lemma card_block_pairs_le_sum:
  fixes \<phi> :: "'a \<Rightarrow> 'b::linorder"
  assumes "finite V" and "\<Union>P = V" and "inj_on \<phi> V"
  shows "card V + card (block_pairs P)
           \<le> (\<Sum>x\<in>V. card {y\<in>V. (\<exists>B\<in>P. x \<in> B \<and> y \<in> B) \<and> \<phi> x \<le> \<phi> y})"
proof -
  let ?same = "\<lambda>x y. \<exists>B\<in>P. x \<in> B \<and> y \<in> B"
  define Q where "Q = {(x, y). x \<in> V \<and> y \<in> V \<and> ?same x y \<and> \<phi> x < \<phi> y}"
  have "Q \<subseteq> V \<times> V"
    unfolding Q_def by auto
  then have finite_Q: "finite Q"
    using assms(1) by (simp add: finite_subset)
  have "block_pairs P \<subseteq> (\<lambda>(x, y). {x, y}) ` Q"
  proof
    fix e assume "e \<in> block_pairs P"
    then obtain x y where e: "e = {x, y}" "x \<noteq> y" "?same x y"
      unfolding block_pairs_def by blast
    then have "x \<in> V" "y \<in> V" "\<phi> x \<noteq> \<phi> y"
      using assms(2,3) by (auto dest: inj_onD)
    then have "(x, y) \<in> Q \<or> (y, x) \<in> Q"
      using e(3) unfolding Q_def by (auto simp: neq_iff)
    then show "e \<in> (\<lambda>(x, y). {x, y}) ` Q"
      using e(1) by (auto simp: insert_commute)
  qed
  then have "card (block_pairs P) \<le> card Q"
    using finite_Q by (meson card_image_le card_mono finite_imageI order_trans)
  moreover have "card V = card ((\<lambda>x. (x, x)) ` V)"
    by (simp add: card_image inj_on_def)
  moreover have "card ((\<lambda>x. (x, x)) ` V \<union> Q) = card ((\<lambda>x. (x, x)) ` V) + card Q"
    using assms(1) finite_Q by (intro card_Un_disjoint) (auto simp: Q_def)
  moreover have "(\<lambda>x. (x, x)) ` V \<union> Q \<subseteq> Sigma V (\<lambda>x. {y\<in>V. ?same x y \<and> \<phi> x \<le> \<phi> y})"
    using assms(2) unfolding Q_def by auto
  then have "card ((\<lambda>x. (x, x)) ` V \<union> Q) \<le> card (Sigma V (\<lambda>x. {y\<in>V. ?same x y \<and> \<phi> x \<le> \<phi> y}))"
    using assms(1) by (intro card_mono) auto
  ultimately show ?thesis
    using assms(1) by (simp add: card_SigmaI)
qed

▬▬▬▬▬▬

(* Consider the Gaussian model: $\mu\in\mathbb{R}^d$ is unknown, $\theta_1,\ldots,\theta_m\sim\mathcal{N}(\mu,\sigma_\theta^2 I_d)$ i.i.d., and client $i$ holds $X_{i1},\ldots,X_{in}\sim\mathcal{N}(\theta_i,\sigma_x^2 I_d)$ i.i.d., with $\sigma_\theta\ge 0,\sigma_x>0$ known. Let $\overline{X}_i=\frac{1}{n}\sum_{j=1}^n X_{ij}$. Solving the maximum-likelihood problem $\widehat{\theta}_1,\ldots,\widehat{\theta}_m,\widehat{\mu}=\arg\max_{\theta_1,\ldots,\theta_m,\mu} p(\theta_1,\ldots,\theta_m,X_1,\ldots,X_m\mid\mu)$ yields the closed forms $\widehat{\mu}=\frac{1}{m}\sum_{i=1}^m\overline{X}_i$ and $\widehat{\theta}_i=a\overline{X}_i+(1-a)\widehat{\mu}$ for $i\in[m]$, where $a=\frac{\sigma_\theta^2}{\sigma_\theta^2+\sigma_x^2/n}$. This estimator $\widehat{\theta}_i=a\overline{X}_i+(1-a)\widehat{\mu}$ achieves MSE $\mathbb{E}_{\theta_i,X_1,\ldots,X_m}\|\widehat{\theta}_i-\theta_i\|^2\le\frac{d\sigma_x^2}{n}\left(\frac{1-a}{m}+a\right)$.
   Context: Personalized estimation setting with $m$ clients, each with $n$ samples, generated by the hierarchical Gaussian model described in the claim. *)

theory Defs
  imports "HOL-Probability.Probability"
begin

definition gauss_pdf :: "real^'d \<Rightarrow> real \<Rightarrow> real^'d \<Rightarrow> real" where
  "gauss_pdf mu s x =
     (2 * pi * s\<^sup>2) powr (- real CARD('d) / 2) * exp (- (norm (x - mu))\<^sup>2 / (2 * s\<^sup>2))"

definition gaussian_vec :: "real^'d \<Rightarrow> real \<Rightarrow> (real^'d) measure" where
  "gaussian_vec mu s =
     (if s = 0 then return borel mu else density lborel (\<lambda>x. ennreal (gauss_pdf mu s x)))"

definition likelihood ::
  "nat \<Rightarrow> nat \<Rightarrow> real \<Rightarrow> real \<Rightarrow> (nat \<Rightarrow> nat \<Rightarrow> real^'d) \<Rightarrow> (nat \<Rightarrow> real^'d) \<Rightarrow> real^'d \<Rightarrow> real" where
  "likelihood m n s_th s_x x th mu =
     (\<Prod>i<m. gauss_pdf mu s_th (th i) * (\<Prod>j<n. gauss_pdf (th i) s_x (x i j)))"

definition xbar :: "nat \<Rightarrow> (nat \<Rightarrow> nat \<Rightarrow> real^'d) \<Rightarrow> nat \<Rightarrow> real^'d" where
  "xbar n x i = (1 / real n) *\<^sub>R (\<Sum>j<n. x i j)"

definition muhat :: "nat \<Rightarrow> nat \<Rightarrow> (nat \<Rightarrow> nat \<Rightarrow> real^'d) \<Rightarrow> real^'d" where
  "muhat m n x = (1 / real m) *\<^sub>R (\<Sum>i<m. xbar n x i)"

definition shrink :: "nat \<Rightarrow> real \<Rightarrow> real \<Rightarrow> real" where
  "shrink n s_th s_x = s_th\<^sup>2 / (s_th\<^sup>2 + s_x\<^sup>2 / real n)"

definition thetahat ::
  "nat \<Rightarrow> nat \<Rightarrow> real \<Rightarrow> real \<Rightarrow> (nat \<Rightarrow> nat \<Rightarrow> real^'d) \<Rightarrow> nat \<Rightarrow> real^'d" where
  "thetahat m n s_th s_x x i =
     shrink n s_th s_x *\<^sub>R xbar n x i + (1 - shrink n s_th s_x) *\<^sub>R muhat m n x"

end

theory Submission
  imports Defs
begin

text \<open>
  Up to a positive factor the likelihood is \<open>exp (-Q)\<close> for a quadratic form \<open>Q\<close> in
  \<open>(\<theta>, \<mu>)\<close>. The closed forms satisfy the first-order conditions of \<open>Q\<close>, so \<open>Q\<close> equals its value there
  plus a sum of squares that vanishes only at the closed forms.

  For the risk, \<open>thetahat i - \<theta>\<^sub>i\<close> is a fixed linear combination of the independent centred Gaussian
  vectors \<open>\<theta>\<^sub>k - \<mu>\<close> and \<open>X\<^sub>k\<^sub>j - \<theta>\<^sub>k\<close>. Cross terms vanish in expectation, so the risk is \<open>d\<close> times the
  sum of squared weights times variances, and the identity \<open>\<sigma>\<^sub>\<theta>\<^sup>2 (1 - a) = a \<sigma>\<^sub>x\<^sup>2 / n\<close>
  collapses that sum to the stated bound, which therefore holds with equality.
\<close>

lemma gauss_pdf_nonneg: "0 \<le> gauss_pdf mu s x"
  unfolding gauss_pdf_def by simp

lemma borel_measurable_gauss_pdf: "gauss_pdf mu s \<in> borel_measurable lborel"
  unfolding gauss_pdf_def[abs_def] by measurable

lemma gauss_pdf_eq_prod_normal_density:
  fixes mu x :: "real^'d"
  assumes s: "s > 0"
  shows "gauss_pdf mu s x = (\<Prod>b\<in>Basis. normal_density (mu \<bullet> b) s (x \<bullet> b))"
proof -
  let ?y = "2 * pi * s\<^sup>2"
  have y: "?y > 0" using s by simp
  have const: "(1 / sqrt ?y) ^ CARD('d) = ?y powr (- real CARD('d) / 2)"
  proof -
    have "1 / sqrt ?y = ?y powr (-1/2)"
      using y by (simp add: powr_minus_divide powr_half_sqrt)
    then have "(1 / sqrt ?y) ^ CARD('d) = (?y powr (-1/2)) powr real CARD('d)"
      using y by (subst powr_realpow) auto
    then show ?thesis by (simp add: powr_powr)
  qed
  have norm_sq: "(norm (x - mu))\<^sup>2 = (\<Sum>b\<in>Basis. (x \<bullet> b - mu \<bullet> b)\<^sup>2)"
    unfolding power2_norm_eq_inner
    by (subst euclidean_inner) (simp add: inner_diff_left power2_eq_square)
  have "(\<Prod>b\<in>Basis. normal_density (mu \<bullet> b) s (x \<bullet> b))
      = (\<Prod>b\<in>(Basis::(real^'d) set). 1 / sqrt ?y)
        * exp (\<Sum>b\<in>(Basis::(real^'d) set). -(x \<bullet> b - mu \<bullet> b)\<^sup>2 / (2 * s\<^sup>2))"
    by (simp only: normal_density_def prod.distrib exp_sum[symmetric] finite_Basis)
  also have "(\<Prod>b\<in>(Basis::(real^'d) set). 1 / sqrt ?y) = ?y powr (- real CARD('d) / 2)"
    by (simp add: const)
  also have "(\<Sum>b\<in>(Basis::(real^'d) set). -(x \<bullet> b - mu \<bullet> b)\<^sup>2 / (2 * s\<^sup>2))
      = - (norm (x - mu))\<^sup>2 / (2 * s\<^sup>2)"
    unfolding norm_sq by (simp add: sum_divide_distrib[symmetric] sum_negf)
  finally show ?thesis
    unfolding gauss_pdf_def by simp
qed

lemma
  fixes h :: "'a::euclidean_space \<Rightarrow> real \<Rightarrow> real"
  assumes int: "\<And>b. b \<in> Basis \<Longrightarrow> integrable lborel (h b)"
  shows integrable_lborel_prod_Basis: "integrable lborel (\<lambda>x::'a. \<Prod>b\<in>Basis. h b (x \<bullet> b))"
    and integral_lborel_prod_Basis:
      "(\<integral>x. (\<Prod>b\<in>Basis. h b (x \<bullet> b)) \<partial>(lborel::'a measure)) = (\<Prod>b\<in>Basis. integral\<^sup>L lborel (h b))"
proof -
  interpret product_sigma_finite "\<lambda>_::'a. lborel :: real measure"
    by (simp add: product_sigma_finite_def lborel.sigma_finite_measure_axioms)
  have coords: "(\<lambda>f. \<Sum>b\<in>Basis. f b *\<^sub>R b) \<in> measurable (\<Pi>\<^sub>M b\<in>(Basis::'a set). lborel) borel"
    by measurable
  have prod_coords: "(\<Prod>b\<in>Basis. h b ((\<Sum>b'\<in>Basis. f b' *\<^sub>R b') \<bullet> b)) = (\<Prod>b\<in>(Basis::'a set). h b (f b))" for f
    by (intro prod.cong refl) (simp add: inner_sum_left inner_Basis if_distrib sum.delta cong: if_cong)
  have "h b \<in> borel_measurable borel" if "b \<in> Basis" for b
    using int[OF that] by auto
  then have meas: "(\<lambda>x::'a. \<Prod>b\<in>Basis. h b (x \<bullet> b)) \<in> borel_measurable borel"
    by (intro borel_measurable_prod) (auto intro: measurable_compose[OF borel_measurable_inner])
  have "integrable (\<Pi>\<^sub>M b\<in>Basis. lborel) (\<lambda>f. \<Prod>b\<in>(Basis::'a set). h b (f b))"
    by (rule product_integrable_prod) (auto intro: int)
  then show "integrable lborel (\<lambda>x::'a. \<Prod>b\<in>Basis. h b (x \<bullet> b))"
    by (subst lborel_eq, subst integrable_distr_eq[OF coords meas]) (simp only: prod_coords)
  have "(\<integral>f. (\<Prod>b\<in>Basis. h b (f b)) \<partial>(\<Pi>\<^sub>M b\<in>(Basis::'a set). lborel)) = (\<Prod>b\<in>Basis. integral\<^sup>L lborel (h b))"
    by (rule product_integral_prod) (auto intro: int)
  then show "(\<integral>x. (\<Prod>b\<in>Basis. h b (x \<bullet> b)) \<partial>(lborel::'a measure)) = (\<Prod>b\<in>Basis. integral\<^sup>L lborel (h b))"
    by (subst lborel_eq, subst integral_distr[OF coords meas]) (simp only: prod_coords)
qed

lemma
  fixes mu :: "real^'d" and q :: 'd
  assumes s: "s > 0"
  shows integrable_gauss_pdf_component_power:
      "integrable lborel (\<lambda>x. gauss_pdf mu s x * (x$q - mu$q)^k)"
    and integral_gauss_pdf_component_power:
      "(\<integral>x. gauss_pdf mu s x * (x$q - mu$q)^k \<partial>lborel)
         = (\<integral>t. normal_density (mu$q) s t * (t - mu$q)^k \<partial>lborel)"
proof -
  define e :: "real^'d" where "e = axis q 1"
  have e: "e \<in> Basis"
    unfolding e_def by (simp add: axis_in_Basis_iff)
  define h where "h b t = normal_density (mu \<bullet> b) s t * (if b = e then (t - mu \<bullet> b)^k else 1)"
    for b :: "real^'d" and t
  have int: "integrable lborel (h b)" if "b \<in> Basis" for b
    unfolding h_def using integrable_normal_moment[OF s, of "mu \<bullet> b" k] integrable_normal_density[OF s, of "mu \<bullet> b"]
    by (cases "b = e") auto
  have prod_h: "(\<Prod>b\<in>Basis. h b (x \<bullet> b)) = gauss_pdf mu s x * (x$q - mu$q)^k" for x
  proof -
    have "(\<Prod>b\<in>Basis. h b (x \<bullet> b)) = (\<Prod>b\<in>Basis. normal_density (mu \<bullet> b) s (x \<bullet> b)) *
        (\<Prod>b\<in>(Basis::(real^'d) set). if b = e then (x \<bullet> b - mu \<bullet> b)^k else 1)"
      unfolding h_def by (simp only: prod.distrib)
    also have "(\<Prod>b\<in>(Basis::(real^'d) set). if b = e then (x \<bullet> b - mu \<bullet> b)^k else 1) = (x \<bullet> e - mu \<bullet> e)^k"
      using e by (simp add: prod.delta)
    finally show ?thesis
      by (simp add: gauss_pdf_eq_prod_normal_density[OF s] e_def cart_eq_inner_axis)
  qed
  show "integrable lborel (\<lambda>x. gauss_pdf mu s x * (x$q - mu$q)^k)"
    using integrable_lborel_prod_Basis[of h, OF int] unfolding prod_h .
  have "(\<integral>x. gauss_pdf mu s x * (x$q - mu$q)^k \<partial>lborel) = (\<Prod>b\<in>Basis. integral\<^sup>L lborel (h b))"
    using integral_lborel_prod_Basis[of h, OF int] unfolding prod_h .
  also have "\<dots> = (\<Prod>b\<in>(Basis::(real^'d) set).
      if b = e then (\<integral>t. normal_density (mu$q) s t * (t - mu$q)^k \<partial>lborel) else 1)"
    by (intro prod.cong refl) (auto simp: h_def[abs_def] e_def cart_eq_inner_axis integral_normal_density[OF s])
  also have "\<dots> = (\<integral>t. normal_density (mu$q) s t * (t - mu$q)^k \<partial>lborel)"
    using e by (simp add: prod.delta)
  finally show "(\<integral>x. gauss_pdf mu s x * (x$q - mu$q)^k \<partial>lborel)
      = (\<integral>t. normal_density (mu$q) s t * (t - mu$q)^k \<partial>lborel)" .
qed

▬▬▬▬▬▬

Copy verbatim, from the listing above, each line from the one containing "Q \<subseteq> Sigma" down to the one containing "using assms(2) unfolding Q_def by auto", inclusive.

- **Solution to this task**
  moreover have "(\<lambda>x. (x, x)) ` V \<union> Q \<subseteq> Sigma V (\<lambda>x. {y\<in>V. ?same x y \<and> \<phi> x \<le> \<phi> y})"
    using assms(2) unfolding Q_def by auto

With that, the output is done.